#### Problem
Line filter on the word "does": copy each matching line from the entries.

#### The data
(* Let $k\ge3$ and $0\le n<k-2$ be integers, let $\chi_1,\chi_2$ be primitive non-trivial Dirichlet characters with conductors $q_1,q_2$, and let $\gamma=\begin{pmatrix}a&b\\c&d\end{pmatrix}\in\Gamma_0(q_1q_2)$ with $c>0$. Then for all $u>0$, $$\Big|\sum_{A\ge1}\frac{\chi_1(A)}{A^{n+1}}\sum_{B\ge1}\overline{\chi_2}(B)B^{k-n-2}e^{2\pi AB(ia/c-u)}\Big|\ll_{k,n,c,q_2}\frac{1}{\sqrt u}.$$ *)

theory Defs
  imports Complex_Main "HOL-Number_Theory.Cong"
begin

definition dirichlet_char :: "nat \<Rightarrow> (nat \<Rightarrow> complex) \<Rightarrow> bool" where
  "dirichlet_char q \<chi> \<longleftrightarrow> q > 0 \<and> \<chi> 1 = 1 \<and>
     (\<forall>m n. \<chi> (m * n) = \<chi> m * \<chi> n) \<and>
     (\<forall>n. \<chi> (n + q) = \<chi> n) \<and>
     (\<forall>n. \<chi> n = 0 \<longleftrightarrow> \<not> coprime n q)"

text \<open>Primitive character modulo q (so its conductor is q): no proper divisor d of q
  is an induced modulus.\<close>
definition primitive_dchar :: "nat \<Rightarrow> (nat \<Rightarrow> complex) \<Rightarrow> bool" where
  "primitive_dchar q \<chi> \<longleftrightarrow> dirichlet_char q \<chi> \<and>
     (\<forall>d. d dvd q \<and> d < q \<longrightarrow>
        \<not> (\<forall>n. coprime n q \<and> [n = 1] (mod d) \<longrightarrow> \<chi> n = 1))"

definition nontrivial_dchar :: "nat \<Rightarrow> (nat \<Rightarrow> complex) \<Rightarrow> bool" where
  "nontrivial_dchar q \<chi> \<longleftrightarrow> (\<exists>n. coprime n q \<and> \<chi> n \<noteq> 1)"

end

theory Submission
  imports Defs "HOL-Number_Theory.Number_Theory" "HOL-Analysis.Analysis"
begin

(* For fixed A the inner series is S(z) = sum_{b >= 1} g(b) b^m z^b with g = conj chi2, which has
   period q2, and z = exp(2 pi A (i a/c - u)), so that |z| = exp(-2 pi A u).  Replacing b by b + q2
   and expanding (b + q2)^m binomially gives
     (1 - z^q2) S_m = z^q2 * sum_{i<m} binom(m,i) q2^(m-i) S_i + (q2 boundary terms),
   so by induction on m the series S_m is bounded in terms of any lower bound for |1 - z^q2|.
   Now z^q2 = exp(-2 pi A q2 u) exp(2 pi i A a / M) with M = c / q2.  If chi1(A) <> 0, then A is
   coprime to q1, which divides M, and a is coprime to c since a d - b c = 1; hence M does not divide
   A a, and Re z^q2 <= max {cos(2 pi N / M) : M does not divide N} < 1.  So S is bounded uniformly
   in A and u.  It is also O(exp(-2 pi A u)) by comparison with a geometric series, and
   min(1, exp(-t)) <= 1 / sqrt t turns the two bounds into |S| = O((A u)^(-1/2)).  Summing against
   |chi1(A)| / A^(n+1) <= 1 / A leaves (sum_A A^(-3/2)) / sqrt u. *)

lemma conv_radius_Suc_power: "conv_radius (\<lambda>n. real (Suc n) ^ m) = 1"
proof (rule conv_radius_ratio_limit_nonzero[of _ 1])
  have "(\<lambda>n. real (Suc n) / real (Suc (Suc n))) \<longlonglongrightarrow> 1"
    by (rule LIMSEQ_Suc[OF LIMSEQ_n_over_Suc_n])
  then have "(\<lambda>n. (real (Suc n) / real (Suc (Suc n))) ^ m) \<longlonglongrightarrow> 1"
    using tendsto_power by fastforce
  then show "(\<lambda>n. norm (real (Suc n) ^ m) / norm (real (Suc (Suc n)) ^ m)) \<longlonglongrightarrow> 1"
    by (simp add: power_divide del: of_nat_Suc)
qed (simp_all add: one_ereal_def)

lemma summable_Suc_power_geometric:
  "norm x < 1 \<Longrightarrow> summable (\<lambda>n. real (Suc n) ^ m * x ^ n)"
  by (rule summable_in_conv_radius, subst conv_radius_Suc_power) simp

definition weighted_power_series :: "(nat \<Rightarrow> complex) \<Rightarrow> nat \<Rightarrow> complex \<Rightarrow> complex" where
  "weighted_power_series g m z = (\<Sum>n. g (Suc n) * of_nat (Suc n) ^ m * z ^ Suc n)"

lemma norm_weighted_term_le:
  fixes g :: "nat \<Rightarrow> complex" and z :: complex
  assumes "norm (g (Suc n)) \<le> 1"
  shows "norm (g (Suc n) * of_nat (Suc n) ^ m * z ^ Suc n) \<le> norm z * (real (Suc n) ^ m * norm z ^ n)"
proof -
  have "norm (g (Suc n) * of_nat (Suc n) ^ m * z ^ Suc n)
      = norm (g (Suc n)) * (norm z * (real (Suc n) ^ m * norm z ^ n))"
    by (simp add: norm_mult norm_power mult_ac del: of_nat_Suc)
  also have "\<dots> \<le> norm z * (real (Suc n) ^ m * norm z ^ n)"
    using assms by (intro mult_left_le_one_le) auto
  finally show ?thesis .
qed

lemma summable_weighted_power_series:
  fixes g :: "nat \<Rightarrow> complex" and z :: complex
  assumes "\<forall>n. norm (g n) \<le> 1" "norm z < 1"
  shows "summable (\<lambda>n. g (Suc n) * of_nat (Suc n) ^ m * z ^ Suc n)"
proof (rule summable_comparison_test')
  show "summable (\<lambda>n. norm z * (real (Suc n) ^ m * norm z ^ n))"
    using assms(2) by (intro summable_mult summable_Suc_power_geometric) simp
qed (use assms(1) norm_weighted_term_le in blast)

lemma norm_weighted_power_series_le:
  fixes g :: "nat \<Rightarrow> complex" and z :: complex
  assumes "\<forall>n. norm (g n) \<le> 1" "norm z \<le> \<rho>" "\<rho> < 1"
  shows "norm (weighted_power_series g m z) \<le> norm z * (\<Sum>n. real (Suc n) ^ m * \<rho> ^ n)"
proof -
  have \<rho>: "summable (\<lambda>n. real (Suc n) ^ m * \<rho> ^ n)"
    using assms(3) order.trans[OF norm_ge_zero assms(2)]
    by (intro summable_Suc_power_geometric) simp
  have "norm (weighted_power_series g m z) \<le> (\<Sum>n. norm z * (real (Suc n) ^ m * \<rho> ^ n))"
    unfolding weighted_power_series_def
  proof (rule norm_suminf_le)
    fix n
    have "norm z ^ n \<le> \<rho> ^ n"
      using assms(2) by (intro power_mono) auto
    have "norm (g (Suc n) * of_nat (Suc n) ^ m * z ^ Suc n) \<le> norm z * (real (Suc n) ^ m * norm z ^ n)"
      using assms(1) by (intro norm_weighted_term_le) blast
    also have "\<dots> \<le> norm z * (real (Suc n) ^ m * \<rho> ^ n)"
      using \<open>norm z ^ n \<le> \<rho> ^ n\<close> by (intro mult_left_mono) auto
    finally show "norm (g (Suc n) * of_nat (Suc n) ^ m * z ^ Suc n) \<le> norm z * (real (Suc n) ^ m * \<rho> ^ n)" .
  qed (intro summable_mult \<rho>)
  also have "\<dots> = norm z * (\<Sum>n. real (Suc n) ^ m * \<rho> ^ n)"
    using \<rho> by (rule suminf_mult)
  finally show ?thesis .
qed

#### Written solution
   coprime to q1, which divides M, and a is coprime to c since a d - b c = 1; hence M does not divide
   A a, and Re z^q2 <= max {cos(2 pi N / M) : M does not divide N} < 1.  So S is bounded uniformly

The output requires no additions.